Vietnam eager to boost fertiliser supply

Sep 20th at 07:50
20-09-2022 07:50:35+07:00

Vietnam eager to boost fertiliser supply

Revitalising major fertiliser plants is urgent to create stable supply for the domestic market, while lowering dependence on imports.

 

Aware of the key role of fertilisers in the economy, Prime Minister Pham Minh Chinh in early September said that boosting domestic production would create stable supply for agricultural production, decrease imports, and contribute to building an independent and self-governing economy.

The PM asked ministries and sectors to solve difficulties at the Ha Bac fertiliser plant and Ninh Binh Nitrogenous Fertiliser Co. Ltd., both units of state-run chemical group Vinachem.

On a business trip to these plants in mid-August, he said that the two plants had many similarities, such as cumulative losses, initial low capital, engineering, procurement, and construction (EPC) contract agreement, and poor performance.

To stabilise the price in the domestic market, in late August, the Ministry of Finance again asked the government to apply an export tax rate of 5 per cent.The first proposal was submitted in April.

PM Chinh asked ministries and local authorities to cooperate with the companies to resolve the EPC contract agreement, minimise losses, increase productivity, solve credit contracts, and reduce prices.

The Ha Bac fertiliser plant opened seven years ago, but environmental and financial issues have arisen since. After being upgraded and expanded, the plant is expected to eventually raise its annual capacity to 500,000 tonnes from 180,000 tonnes.

Ninh Binh Nitrogenous Fertiliser was established in 2011 with total charter capital of VND2.5 trillion ($108.7 million). Since it began operations, the company has reported losses for consecutive years.

In the last two years, business results have been more positive. In 2021, they earned over $174 million in revenue, increasing 229 per cent from 2020. In the first half of 2022, it acquired over $109 million in revenue and made a profit of nearly $30.4 million. Its total current assets now reach $382 million.

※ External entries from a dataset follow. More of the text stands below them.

text \<open>Distinct children of R intersect only if diam R = 0, but then they lie in a set with at
  most one point.\<close>
lemma gen_disjoint: "A \<in> gen k \<Longrightarrow> B \<in> gen k \<Longrightarrow> A \<inter> B \<noteq> {} \<Longrightarrow> A = B"
proof (induction k arbitrary: A B)
  case (Suc k)
  from Suc.prems obtain RA RB where RA: "RA \<in> gen k" "A \<in> ch RA"
    and RB: "RB \<in> gen k" "B \<in> ch RB" by auto
  have "A \<subseteq> RA" "B \<subseteq> RB"
    using RA RB by (auto dest: child_subset[OF gen_subset_cubes])
  with Suc.IH[OF RA(1) RB(1)] Suc.prems have same_parent: "RA = RB" by blast
  show "A = B"
  proof (rule ccontr)
    assume "A \<noteq> B"
    obtain z where z: "z \<in> A" "z \<in> B" using Suc.prems by blast
    have "csep * diameter RA \<le> setdist A B"
      using setdist_children_ge[OF gen_subset_cubes[OF RA(1)] RA(2)] RB(2) same_parent \<open>A \<noteq> B\<close>
      by blast
    then have "csep * diameter RA \<le> 0"
      using setdist_eq_0I[OF z] by simp
    moreover have "csep > 0" using system unfolding cantor_system_def by blast
    ultimately have "diameter RA \<le> 0" by (simp add: mult_le_0_iff)
    then have "\<And>y. y \<in> RA \<Longrightarrow> y = z"
      using diameter_bounded_bound[OF bounded_cube[OF gen_subset_cubes[OF RA(1)]]]
        \<open>A \<subseteq> RA\<close> z(1) by (metis dist_le_zero_iff order_trans subsetD)
    then have "A = {z}" "B = {z}"
      using \<open>A \<subseteq> RA\<close> \<open>B \<subseteq> RB\<close> same_parent z by auto
    with \<open>A \<noteq> B\<close> show False by simp
  qed
qed auto
(* Let $H$ be a bounded strongly planar embedding of a marked poset $(P,A,\lambda)$, and let $F$ be a bounded face of $H$ not containing either of the two additional edges joining $\hat0$ and $\hat1$. Suppose the left boundary of $F$ is the chain $p_1>p_2>\cdots>p_k$ and the right boundary is $p_1=q_1>q_2>\cdots>q_\ell=p_k$. Let $L_1,\dots,L_{\mathcal N}$, $\mathcal N=\binom{k+\ell-4}{\ell-2}$, be the total orders on $\{p_1,\dots,p_k,q_2,\dots,q_{\ell-1}\}$ extending both chains, and let $\widehat P_j$ be the poset on $\widehat P$ whose order is generated by the order of $\widehat P$ together with $L_j$. Then $\bigcup_{j=1}^{\mathcal N}\mathcal{O}(\widehat P_j,\widehat A)_\lambda=\mathcal{O}(\widehat P,\widehat A)_\lambda$, and for $i\ne j$ the intersection $\mathcal{O}(\widehat P_i,\widehat A)_\lambda\cap\mathcal{O}(\widehat P_j,\widehat A)_\lambda$ is a common face of both polytopes (possibly empty); i.e. these polytopes form a subdivision of $\mathcal{O}(\widehat P,\widehat A)_\lambda$.
   Context: A marked poset $(P,A,\lambda)$ consists of a finite poset $P$, a subposet $A\subseteq P$ containing all minimal and all maximal elements of $P$, and an order-preserving map $\lambda:A\to\mathbb{R}$. For a poset $Q$, $B\subseteq Q$ and $\mu:B\to\mathbb{R}$, $\mathcal{O}(Q,B)_\mu=\{x\in\mathbb{R}^Q:x_p\le x_q\text{ for }p<q\text{ in }Q,\ x_b=\mu(b)\text{ for }b\in B\}$. Let $\widehat P=P\sqcup\{\hat0,\hat1\}$ with $\hat0<p<\hat1$ for all $p\in P$, $\widehat A=A\cup\{\hat0,\hat1\}$, and extend $\lambda$ by $\lambda(\hat0)=\min_{a\in A}\lambda(a)$, $\lambda(\hat1)=\max_{a\in A}\lambda(a)$ (so $\mathcal{O}(\widehat P,\widehat A)_\lambda$ is $\mathcal{O}(P,A)_\lambda$ with two fixed coordinates appended); elements of $\widehat A$ are called marked. $P$ is strongly planar if the Hasse diagram of $\widehat P$ has a planar drawing in which $y$-coordinates strictly increase along every covering relation. A bounded embedding $H$ is such a drawing together with two additional edges joining $\hat0$ and $\hat1$, one drawn to the left of everything else and one to the right, regarded as a plane graph. For a bounded face $F$ of $H$, $\min F$ and $\max F$ are the least and greatest elements of $\widehat P$ on its boundary; removing them splits the boundary into two paths, and the left (resp. right) boundary of $F$ is the left (resp. right) path together with $\min F$ and $\max F$ (each is a saturated chain). $H$ is a bounded strongly planar embedding of $(P,A,\lambda)$ if for every bounded face $F$ whose left boundary contains an element of $\widehat A$, both $\min F$ and $\max F$ lie in $\widehat A$. *)

theory Defs
  imports "HOL-Analysis.Analysis"
begin
definition NS_solution ::
  "real \<Rightarrow> real \<Rightarrow> real \<Rightarrow> real \<Rightarrow> (real \<Rightarrow> real) \<Rightarrow> (nat \<Rightarrow> real) \<Rightarrow> (nat \<Rightarrow> real)
   \<Rightarrow> (real \<Rightarrow> nat \<Rightarrow> real) \<Rightarrow> (real \<Rightarrow> nat \<Rightarrow> real) \<Rightarrow> bool" where
  "NS_solution h T lam B \<psi> s0 c0 s c \<longleftrightarrow>
     (\<forall>k. continuous_on {0..T} (\<lambda>t. s t k)) \<and>
     (\<forall>k. continuous_on {0..T} (\<lambda>t. c t k)) \<and>
     (\<forall>k\<ge>1. \<forall>t\<in>{0<..T}.
        ((\<lambda>\<tau>. s \<tau> k) has_real_derivative
           (Lap h (s t) k
            + B / (2 * phi B (c t k)) *
                (Dp h (c t) k * Dp h (s t) k + Dm h (c t) k * Dm h (s t) k)
            + lam * c t k * B * (s t k)\<^sup>2 - lam * c t k * s t k))
          (at t within {0..T})) \<and>
     (\<forall>k\<ge>1. \<forall>t\<in>{0<..T}.
        ((\<lambda>\<tau>. c \<tau> k) has_real_derivative
           (- lam * phi B (c t k) * s t k * c t k)) (at t within {0..T})) \<and>
     (\<forall>k\<ge>1. s 0 k = s0 k \<and> c 0 k = c0 k) \<and>
     (\<forall>t\<in>{0..T}. s t 0 = \<psi> t \<and>
        c t 0 = c0 0 / (phi B (c0 0) * exp (lam * integral {0..t} \<psi>) - B * c0 0)) \<and>
     (\<exists>M. \<forall>t\<in>{0..T}. in_l2 (s t) \<and> l2sq_r h (s t) \<le> M) \<and>
     (\<exists>M. \<forall>t\<in>{0..T}. \<forall>k. \<bar>c t k\<bar> \<le> M)"

end

theory Submission
  imports Defs
begin

(* The transport term of (NS) merges with the discrete Laplacian, so that
   s_k' = (a_k (s_{k+1} - s_k) + d_k (s_{k-1} - s_k)) / h^2 + R_k with coefficients a_k, d_k >= 1/2
   given by ratios of phi(c).  A discrete maximum principle (Gronwall for the positive parts on
   finite truncations, closed by the l^2 tail of s) keeps s in [0, eta]; then c decreases along
   every grid line, so phi(c) stays in [phi_min, phi_max] and all coefficients are bounded
   independently of h.

   The boundary datum is lifted into the interior by g(t, kh) = (1 - kh)^+ times the mean of psi
   over [t - (kh)^2, t].  For psi Hoelder of order beta > 1/4 both the discrete gradient of g and the
   pairing of w = s - g with dg/dt are bounded uniformly in h.  Summation by parts gives an energy
   inequality for w on the first n + 1 grid points, coupled to the discrete gradient of c (whose
   equation has no diffusion); Gronwall bounds both up to the flux through the truncation point,
   whose time integral vanishes as n tends to infinity. *)

lemma le_initial_value_if_DERIV_nonpos:
  fixes f f' :: "real \<Rightarrow> real"
  assumes "continuous_on {0..T} f"
    and "\<And>t. 0 < t \<Longrightarrow> t < T \<Longrightarrow> (f has_real_derivative f' t) (at t)"
    and "\<And>t. 0 < t \<Longrightarrow> t < T \<Longrightarrow> f' t \<le> 0"
    and "t \<in> {0..T}"
  shows "f t \<le> f 0"
proof -
  have "continuous_on {0..t} f"
    using assms(1) by (rule continuous_on_subset) (use assms(4) in auto)
  moreover have "\<exists>y. (f has_real_derivative y) (at x) \<and> y \<le> 0" if "0 < x" "x < t" for x
    using assms(2-4) that by fastforce
  ultimately show ?thesis
    using DERIV_nonpos_imp_decreasing_open[of 0 t f] assms(4) by (cases "t = 0") auto
qed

However, the company still suffers big losses. In 2021, it had debts of $521.7 million. It has made plans to build a debt restructuring strategy to submit to the government.

Concentrating on these two fertiliser plants has been the government's priority because they were two of 12 loss-making projects managed by the Ministry of Industry and Trade.

The mission has become more urgent as the price of imported fertilisers and materials for production is volatile due to political instability elsewhere.

Phung Ha, vice chairman and general secretary of the Vietnam Fertiliser Association, said that Vietnam's fertiliser industry largely depends on imports from Russia. In 2020, Russia led the world in fertiliser exports with an export turnover of $7 billion, accounting for about 30 per cent of total demand worldwide, followed by China with $6.6 billion.

“The fertiliser selling prices depend on many factors, such as natural gas and oil prices, which are beyond the control of many major manufacturers. Natural gas is the main feedstock for most nitrogenous fertilisers, accounting for 70-90 per cent of ammonia production costs. Thus, the sudden increase in the price of natural gas and oil pushed the selling price higher,” Ha said.

Export restrictions imposed by China and Russia have also caused issues. “The two countries make up a large number of fertiliser exports globally. Russia has applied an export quota on nitrogenous fertilisers and, since March, it has issued a ban on exports,” Ha said.

To stabilise the selling price in the domestic market, in late August, the Ministry of Finance (MoF) again asked the government to apply an export tax rate of 5 per cent. The first proposal was submitted in April.

According to the MoF, the proposal will help retain fertilisers for domestic consumption amid the price surge. In addition, applying the same tax rate for all fertilisers will reduce administrative pressure on enterprises and customs agencies as they will no longer have to determine the precise proportion of natural resources and minerals in their products.